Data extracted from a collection
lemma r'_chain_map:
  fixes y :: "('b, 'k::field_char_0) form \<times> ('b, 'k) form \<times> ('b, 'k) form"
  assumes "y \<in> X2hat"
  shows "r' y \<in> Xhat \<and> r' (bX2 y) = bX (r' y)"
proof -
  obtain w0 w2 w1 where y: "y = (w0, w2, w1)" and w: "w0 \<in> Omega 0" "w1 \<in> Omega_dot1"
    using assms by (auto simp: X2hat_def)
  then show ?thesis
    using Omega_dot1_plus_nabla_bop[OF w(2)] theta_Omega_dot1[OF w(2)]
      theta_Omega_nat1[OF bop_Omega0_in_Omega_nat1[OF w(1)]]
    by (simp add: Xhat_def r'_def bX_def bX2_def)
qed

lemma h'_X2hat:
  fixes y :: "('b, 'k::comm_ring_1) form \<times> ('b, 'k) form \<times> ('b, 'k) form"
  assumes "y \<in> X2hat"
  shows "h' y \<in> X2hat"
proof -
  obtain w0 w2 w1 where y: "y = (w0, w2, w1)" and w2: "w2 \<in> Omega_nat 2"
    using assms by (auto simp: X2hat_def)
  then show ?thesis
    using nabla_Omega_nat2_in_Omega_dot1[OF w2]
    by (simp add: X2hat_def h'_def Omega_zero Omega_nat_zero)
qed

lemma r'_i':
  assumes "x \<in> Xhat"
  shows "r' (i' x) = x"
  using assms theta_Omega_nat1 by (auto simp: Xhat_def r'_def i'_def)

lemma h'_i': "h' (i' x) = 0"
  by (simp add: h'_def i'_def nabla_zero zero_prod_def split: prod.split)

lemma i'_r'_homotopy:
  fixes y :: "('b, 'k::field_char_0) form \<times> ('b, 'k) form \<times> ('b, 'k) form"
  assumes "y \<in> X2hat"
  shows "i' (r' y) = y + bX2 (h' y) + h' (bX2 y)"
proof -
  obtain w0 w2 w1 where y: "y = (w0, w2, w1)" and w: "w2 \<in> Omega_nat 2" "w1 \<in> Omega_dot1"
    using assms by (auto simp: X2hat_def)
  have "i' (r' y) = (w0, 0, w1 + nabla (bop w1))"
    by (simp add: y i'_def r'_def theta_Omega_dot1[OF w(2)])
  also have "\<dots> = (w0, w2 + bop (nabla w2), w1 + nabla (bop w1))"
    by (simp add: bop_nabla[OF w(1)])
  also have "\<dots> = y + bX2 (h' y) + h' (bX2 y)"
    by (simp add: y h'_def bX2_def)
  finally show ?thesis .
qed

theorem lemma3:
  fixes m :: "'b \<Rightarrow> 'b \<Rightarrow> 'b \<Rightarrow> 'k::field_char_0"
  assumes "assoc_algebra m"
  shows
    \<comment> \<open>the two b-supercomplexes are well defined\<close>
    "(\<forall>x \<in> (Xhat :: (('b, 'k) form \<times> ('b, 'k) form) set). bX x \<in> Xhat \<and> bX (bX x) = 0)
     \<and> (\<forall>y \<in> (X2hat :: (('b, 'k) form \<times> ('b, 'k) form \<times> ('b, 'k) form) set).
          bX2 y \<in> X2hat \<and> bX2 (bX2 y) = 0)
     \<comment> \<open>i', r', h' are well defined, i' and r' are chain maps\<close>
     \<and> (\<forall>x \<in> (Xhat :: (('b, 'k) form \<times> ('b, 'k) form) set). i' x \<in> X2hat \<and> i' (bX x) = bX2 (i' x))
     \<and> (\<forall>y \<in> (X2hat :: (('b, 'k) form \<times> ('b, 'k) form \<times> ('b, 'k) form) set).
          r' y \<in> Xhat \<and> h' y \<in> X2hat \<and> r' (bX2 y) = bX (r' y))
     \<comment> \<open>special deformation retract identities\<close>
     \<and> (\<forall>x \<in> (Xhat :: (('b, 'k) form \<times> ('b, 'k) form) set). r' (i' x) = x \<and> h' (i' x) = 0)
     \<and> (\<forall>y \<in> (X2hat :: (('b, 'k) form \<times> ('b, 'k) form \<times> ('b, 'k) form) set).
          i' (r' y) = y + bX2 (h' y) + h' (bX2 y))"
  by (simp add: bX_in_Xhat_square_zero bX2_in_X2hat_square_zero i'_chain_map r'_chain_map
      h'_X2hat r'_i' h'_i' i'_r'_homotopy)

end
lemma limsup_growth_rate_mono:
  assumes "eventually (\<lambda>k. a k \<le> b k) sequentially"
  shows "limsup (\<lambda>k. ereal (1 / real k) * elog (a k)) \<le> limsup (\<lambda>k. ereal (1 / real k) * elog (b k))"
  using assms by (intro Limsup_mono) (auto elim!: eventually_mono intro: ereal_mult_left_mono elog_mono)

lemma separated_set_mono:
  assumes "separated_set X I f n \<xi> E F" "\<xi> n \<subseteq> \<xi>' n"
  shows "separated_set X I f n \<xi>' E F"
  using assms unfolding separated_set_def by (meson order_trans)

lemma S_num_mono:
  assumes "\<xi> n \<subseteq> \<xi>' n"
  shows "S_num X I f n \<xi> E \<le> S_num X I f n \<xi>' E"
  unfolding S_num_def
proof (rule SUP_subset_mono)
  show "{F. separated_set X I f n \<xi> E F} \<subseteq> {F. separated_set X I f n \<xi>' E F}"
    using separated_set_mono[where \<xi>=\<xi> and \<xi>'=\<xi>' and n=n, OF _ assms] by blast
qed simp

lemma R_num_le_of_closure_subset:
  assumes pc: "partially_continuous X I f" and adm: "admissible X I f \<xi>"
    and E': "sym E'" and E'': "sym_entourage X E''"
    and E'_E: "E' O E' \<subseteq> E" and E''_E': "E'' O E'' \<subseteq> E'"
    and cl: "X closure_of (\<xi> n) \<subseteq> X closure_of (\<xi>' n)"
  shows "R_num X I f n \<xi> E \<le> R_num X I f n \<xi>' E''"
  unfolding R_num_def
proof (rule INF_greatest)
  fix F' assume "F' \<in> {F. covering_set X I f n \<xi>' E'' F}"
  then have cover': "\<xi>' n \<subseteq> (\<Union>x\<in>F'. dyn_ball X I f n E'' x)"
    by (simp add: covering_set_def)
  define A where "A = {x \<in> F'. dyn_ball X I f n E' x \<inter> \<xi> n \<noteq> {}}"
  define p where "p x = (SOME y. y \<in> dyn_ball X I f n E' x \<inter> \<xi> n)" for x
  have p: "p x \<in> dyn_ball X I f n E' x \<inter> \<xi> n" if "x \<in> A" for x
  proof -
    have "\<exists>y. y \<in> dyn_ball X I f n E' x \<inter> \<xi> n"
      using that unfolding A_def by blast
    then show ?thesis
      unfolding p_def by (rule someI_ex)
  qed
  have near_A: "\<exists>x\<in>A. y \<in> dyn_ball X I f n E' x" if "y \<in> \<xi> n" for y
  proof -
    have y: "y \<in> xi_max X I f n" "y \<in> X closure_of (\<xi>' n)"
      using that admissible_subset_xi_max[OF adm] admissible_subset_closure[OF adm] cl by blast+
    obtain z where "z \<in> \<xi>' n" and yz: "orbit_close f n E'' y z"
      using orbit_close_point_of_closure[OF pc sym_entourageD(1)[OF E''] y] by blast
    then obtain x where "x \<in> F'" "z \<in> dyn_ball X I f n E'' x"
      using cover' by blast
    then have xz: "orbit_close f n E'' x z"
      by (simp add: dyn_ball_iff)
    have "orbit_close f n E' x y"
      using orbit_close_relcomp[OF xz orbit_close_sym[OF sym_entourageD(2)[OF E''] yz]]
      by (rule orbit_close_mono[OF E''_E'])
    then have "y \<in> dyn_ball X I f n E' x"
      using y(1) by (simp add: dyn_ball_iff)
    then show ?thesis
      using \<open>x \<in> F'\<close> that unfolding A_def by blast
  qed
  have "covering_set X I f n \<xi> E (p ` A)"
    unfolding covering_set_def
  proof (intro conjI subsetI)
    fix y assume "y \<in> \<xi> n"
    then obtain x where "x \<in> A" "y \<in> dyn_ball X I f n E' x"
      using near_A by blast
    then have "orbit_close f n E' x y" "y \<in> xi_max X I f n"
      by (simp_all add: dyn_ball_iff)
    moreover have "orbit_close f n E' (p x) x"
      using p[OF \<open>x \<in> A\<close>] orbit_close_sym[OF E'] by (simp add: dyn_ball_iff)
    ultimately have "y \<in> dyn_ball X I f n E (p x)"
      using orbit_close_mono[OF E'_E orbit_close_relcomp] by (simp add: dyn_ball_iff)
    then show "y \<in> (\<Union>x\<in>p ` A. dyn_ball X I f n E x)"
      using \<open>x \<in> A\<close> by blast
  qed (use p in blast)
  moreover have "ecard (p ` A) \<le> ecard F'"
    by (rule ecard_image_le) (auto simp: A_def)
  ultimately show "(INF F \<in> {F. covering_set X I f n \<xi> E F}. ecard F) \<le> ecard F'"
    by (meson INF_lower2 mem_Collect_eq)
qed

* _DIRECTIONS_: Only a number should come back: the count of lines above that include "meson".

* _EXERCISE RESPONSE_: 2